North Korea has held a huge military parade – the first since negotiations with the US over denuclearisation began in earnest – as the country celebrates the 70th anniversary of its founding.
Previous public parades have included nuclear missile launchers, but they did not feature during Sunday’s celebration in Pyongyang – a clear sign that leader Kim Jong Un did not want to cause diplomatic provocation as negotiations continue.
At the end of the parade, Mr Kim waved to the crowd hand in hand with Li Zhanshu, one of Chinese President Xi Jinping’s closest advisers – a sign of ever-closer relations between the two countries, and an indication this display was also intended for a global, diplomatic audience.

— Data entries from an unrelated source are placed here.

text \<open>On the strip the hiker stands at a single vertex v, so the obstacle set there is the strip
  times Y = {y. \<rho> < dist v (Q y)}. Along an edge of Q the point Q y is an affine function of y,
  so the parameters within distance \<rho> of v form an interval and the rest of the edge contributes
  at most two intervals to Y. One more interval accounts for the parameters covered by no
  nondegenerate edge, where point_at falls back to the first vertex; these lie in {0}. Thus Y is
  covered by at most 2m intervals, hence has at most 2m connected components, and the rectangles
  are the strip times these components.\<close>

lemma card_components_le_interval_cover:
  fixes F :: "real set set"
  assumes "finite F" and "\<And>I. I \<in> F \<Longrightarrow> is_interval I"
  shows "finite (components (\<Union>F)) \<and> card (components (\<Union>F)) \<le> card F"
proof -
  have "\<exists>I\<in>F. I \<noteq> {} \<and> I \<subseteq> c" if c: "c \<in> components (\<Union>F)" for c
  proof -
    obtain x where x: "x \<in> c" using in_components_nonempty[OF c] by blast
    then obtain I where I: "I \<in> F" "x \<in> I" using in_components_subset[OF c] by blast
    have "I \<subseteq> c"
      by (rule components_maximal[OF c]) (use I x assms(2) is_interval_connected_1 in auto)
    with I show ?thesis by blast
  qed
  then obtain g where g: "\<And>c. c \<in> components (\<Union>F) \<Longrightarrow> g c \<in> F \<and> g c \<noteq> {} \<and> g c \<subseteq> c"
    by metis
  have inj: "inj_on g (components (\<Union>F))"
  proof (rule inj_onI)
    fix c d assume cd: "c \<in> components (\<Union>F)" "d \<in> components (\<Union>F)" "g c = g d"
    with g have "c \<inter> d \<noteq> {}" by blast
    with cd show "c = d" using components_nonoverlap by blast
  qed
  have image: "g ` components (\<Union>F) \<subseteq> F" using g by blast
  show ?thesis
    using finite_imageD[OF finite_subset[OF image assms(1)] inj] card_inj_on_le[OF inj image assms(1)]
    by blast
qed
(* Let $q$ be a prime power and $\lambda\in(0,1)$ be such that $\lambda q$ is a positive integer. Then there exists a coded caching scheme with linear subpacketization $F=K$, where the number of users satisfies $K\le \frac{q^{2\lambda^2q^2}}{(\lambda q)!}$, with cache fraction $\frac{M}{N}\le\lambda$ and global caching gain $\gamma\ge\frac{4^{\lambda q}}{2\sqrt{\lambda q}}$ (the rate being $R=K(1-\frac{M}{N})/\gamma$).
   Context: Coded caching setup: a server holds $N$ files $W_1,\dots,W_N$ and is connected by an error-free broadcast link to $K$ users, each having a cache able to store $M$ files; it is assumed throughout that $N\ge K$. Each file is split into $F$ equal-size subfiles ($F$ is the subpacketization). Caching is done before demands are known and is symmetric: for every user and subfile index $f$, the user caches the $f$-th subfile of either all files or none. In the delivery phase every user demands one file and the server broadcasts transmissions, each of the size of one subfile, so that every user can recover its demanded file from its cache and the transmissions, for every demand vector. The rate $R$ is the number of transmissions divided by $F$, and the global caching gain is $\gamma=K(1-M/N)/R$. *)

theory Defs
  imports Complex_Main "HOL-Number_Theory.Number_Theory"
begin

(* Files are indexed by 0..<N, users by 0..<K, subfile indices by 0..<F.
   A library is W :: nat => nat => 'v, W n f = f-th subfile of file n.
   Symmetric placement: user k caches subfile f of every file iff f \<in> Z k.
   A transmission is a function of the library with value of the size of one
   subfile (a 'v). *)

definition delivers ::
  "nat \<Rightarrow> nat \<Rightarrow> nat \<Rightarrow> (nat \<Rightarrow> nat set) \<Rightarrow> (nat \<Rightarrow> nat)
     \<Rightarrow> ((nat \<Rightarrow> nat \<Rightarrow> 'v) \<Rightarrow> 'v) list \<Rightarrow> bool" where
  "delivers N K F Z d tr \<longleftrightarrow>
     (\<forall>t\<in>set tr. \<forall>W W'. (\<forall>n<N. \<forall>f<F. W n f = W' n f) \<longrightarrow> t W = t W') \<and>
     (\<forall>k<K. \<forall>W W'.
        (\<forall>n<N. \<forall>f\<in>Z k. W n f = W' n f) \<and> (\<forall>t\<in>set tr. t W = t W')
        \<longrightarrow> (\<forall>f<F. W (d k) f = W' (d k) f))"

(* A coded caching scheme with N files, K users, cache size M (in files),
   subpacketization F, placement Z, using at most T transmissions for every
   demand vector; rate R = T / F. *)
definition coded_caching_scheme ::
  "'v itself \<Rightarrow> nat \<Rightarrow> nat \<Rightarrow> real \<Rightarrow> nat \<Rightarrow> (nat \<Rightarrow> nat set) \<Rightarrow> nat \<Rightarrow> bool" where
  "coded_caching_scheme _ N K M F Z T \<longleftrightarrow>
     F > 0 \<and>
     (\<forall>k<K. Z k \<subseteq> {..<F} \<and> real N * real (card (Z k)) \<le> M * real F) \<and>
     (\<forall>d. (\<forall>k<K. d k < N) \<longrightarrow>
        (\<exists>tr :: ((nat \<Rightarrow> nat \<Rightarrow> 'v) \<Rightarrow> 'v) list.
            length tr \<le> T \<and> delivers N K F Z d tr))"

end

theory Submission
  imports Defs "HOL-Library.FuncSet"
begin

(* Users are the vectors of [m]^n and user k caches subfile f iff the vectors k and f agree in
   some coordinate, a fraction 1 - (1 - 1/m)^n.  For every n-tuple P of 2-subsets of [m] the
   server sends the sum of W_(d k, f) over all pairs (k, f) with {k_i, f_i} = P_i for all i:
   a user k missing f finds its subfile in exactly one such sum, and every other summand in it
   is some f' sharing a coordinate with k, hence cached.  These (m choose 2)^n transmissions
   give caching gain 2^n; with m = 2q and n = 2 lambda q - 1 all bounds follow. *)

definition coded_sum :: "(nat \<Rightarrow> nat) \<Rightarrow> (nat \<times> nat) set \<Rightarrow> (nat \<Rightarrow> nat \<Rightarrow> 'v) \<Rightarrow> 'v::comm_monoid_add"
  where "coded_sum d C W = (\<Sum>(k, f)\<in>C. W (d k) f)"

lemma sum_eq_imp_summand_eq:
  fixes g h :: "'a \<Rightarrow> 'b::ab_group_add"
  assumes "finite A" "x \<in> A" "sum g A = sum h A" "\<And>y. y \<in> A - {x} \<Longrightarrow> g y = h y"
  shows "g x = h x"
proof -
  have "g x + sum g (A - {x}) = h x + sum h (A - {x})"
    using assms(3) sum.remove[OF assms(1,2)] by metis
  moreover have "sum g (A - {x}) = sum h (A - {x})"
    using assms(4) by (rule sum.cong[OF refl])
  ultimately show ?thesis by simp
qed

lemma delivers_coded_sums:
  fixes C :: "'g \<Rightarrow> (nat \<times> nat) set"
  assumes demand: "\<forall>k<K. d k < N"
    and C_sub: "\<And>P. P \<in> set Ps \<Longrightarrow> C P \<subseteq> {..<K} \<times> {..<F}"
    and covers: "\<And>k f. k < K \<Longrightarrow> f < F \<Longrightarrow> f \<notin> Z k \<Longrightarrow>
       \<exists>P\<in>set Ps. (k, f) \<in> C P \<and> (\<forall>(k', f')\<in>C P. (k', f') \<noteq> (k, f) \<longrightarrow> f' \<in> Z k)"
  shows "delivers N K F Z d (map (\<lambda>P. coded_sum d (C P) :: (nat \<Rightarrow> nat \<Rightarrow> 'v::ab_group_add) \<Rightarrow> 'v) Ps)"
  unfolding delivers_def
proof (intro conjI ballI allI impI)
  fix t :: "(nat \<Rightarrow> nat \<Rightarrow> 'v) \<Rightarrow> 'v" and W W' :: "nat \<Rightarrow> nat \<Rightarrow> 'v"
  assume "t \<in> set (map (\<lambda>P. coded_sum d (C P)) Ps)" and W: "\<forall>n<N. \<forall>f<F. W n f = W' n f"
  then obtain P where P: "P \<in> set Ps" and t: "t = coded_sum d (C P)" by auto
  show "t W = t W'"
    unfolding t coded_sum_def using C_sub[OF P] W demand by (intro sum.cong) auto
next
  fix k f and W W' :: "nat \<Rightarrow> nat \<Rightarrow> 'v"
  assume k: "k < K" and f: "f < F"
    and W: "(\<forall>n<N. \<forall>f\<in>Z k. W n f = W' n f) \<and> (\<forall>t\<in>set (map (\<lambda>P. coded_sum d (C P)) Ps). t W = t W')"
  show "W (d k) f = W' (d k) f"
  proof (cases "f \<in> Z k")
    case True
    then show ?thesis using W demand k by auto
  next
    case False
    then obtain P where P: "P \<in> set Ps" and kf: "(k, f) \<in> C P"
      and others: "\<forall>(k', f')\<in>C P. (k', f') \<noteq> (k, f) \<longrightarrow> f' \<in> Z k"
      using covers k f by blast
    define w where "w = (\<lambda>W :: nat \<Rightarrow> nat \<Rightarrow> 'v. \<lambda>(k', f'). W (d k') f')"
    have "finite (C P)" using C_sub[OF P] by (rule finite_subset) simp
    moreover have "sum (w W) (C P) = sum (w W') (C P)"
      using W P unfolding w_def coded_sum_def by auto
    moreover have "w W c = w W' c" if c: "c \<in> C P - {(k, f)}" for c
    proof -
      obtain k' f' where c_eq: "c = (k', f')" by fastforce
      have "f' \<in> Z k" using c others unfolding c_eq by auto
      moreover have "k' < K" using c C_sub[OF P] unfolding c_eq by auto
      ultimately show ?thesis unfolding c_eq w_def using W demand by simp
    qed
    ultimately have "w W (k, f) = w W' (k, f)"
      by (rule sum_eq_imp_summand_eq[OF _ kf])
    then show ?thesis unfolding w_def by simp
  qed
qed
theorem lemma3p7:
  fixes \<alpha> \<beta> \<gamma> b T :: real and Gm Gp :: "real \<Rightarrow> real"
  assumes "\<gamma> \<ge> 2" and "\<alpha> > 0" and "\<beta> \<ge> 0" and "0 < b" and "b < 1" and "T > 0"
    and "S_beta_gamma \<alpha> \<beta> \<gamma> Gm Gp"
  shows "\<exists>C>0. \<forall>n::nat. n \<ge> 1 \<longrightarrow>
           (\<forall>(M :: 'w measure) X. exclusion_process \<alpha> \<beta> \<gamma> b n M X \<longrightarrow>
              (\<forall>t\<in>{0..T}.
                 integral\<^sup>L M (\<lambda>\<omega>.
                   (qv \<alpha> \<beta> \<gamma> n (glue Gm Gp) (\<lambda>s. X \<omega> (s * Theta \<gamma> n)) t
                    - integral\<^sup>L M (\<lambda>\<omega>'. qv \<alpha> \<beta> \<gamma> n (glue Gm Gp) (\<lambda>s. X \<omega>' (s * Theta \<gamma> n)) t))^2)
                 \<le> C))"
proof -
  obtain K where K: "\<And>n \<eta> t. n \<ge> 1 \<Longrightarrow> 0 \<le> t \<Longrightarrow> \<bar>qv \<alpha> \<beta> \<gamma> n (glue Gm Gp) \<eta> t\<bar> \<le> K * t"
    using abs_qv_le_linear[OF assms(1-3,7)] by metis
  show ?thesis
  proof (intro exI[of _ "4 * (\<bar>K\<bar> * T)^2 + 1"] conjI allI impI ballI)
    fix n :: nat and M :: "'w measure" and X t
    assume n: "n \<ge> 1" and "exclusion_process \<alpha> \<beta> \<gamma> b n M X" and t: "t \<in> {0..T}"
    then interpret prob_space M unfolding exclusion_process_def by blast
    have "\<bar>qv \<alpha> \<beta> \<gamma> n (glue Gm Gp) \<eta> t\<bar> \<le> \<bar>K\<bar> * T" for \<eta>
    proof -
      have "K * t \<le> \<bar>K\<bar> * T" using t by (intro mult_mono) auto
      then show ?thesis using K[OF n, of t \<eta>] t by simp
    qed
    then have "variance (\<lambda>\<omega>. qv \<alpha> \<beta> \<gamma> n (glue Gm Gp) (\<lambda>s. X \<omega> (s * Theta \<gamma> n)) t) \<le> 4 * (\<bar>K\<bar> * T)^2"
      by (intro variance_le_of_abs_le)
    then show "variance (\<lambda>\<omega>. qv \<alpha> \<beta> \<gamma> n (glue Gm Gp) (\<lambda>s. X \<omega> (s * Theta \<gamma> n)) t) \<le> 4 * (\<bar>K\<bar> * T)^2 + 1"
      by simp
  qed (simp add: add_nonneg_pos)
qed

end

Mr Xi has congratulated Kim Jong Un and North Korea on the 70th anniversary of North Korea’s founding, hailing it once again as the “new historical period” that the country was entering.
The parade was nevertheless a huge affair, lasting about two hours.
Ranks of soldiers filed past in the characteristic North Korean goosestep-like march. The military hardware on show included tanks, artillery, and short-range rocket and missile launchers.
Thousands of civilians followed afterwards, waving flags and shouting slogans. Some were crying – the sort of mass display of obedience, loyalty and devotion only possible in a totalitarian regime.
Tong Zhao, a fellow at the Carnegie-Tsinghua Centre for Global Policy, told Sky News: “This is an internal event for North Korea: it’s their anniversary, they want to celebrate that.
“But by having a major military parade, it could be seen by outsiders as a provocation.
“So North Korea needs to strike a balance between enhancing their domestic morale.
“They also want to send a big signal, that they want to now focus on economic development.
“The celebrations are also expected to include a revival of the mass games – a large-scale performance involving tens of thousands of North Korean people.
We were told they have been practising for months after school and work.
The anniversary comes at a crucial time during talks over denuclearisation.
For a long time, the US and North Korea were at an apparent impasse, with the US asking for a comprehensive list of the North’s nuclear facilities, and Pyongyang asking for a formal end to the Korean War – a proper peace treaty was never signed. Neither side has seemed willing to give way.
But over the last few days, there has been a flurry of diplomatic activity from Pyongyang.
A third summit between Mr Kim and South Korean president Moon Jae-in has been confirmed for later this month.
Mr Kim also sent a message to Donald Trump, who happily tweeted his thanks in return.
Prior to the parade, Mr Kim visited the mausoleum where his father and grandfather are interred.
Accompanied by dozens of officials and army officers, he was seen bowing repeatedly while soldiers formed an honour guard and carried wreaths.
North Korea declared its establishment as an individual state in 1948 following Korea’s liberation from Japanese occupation in 1945.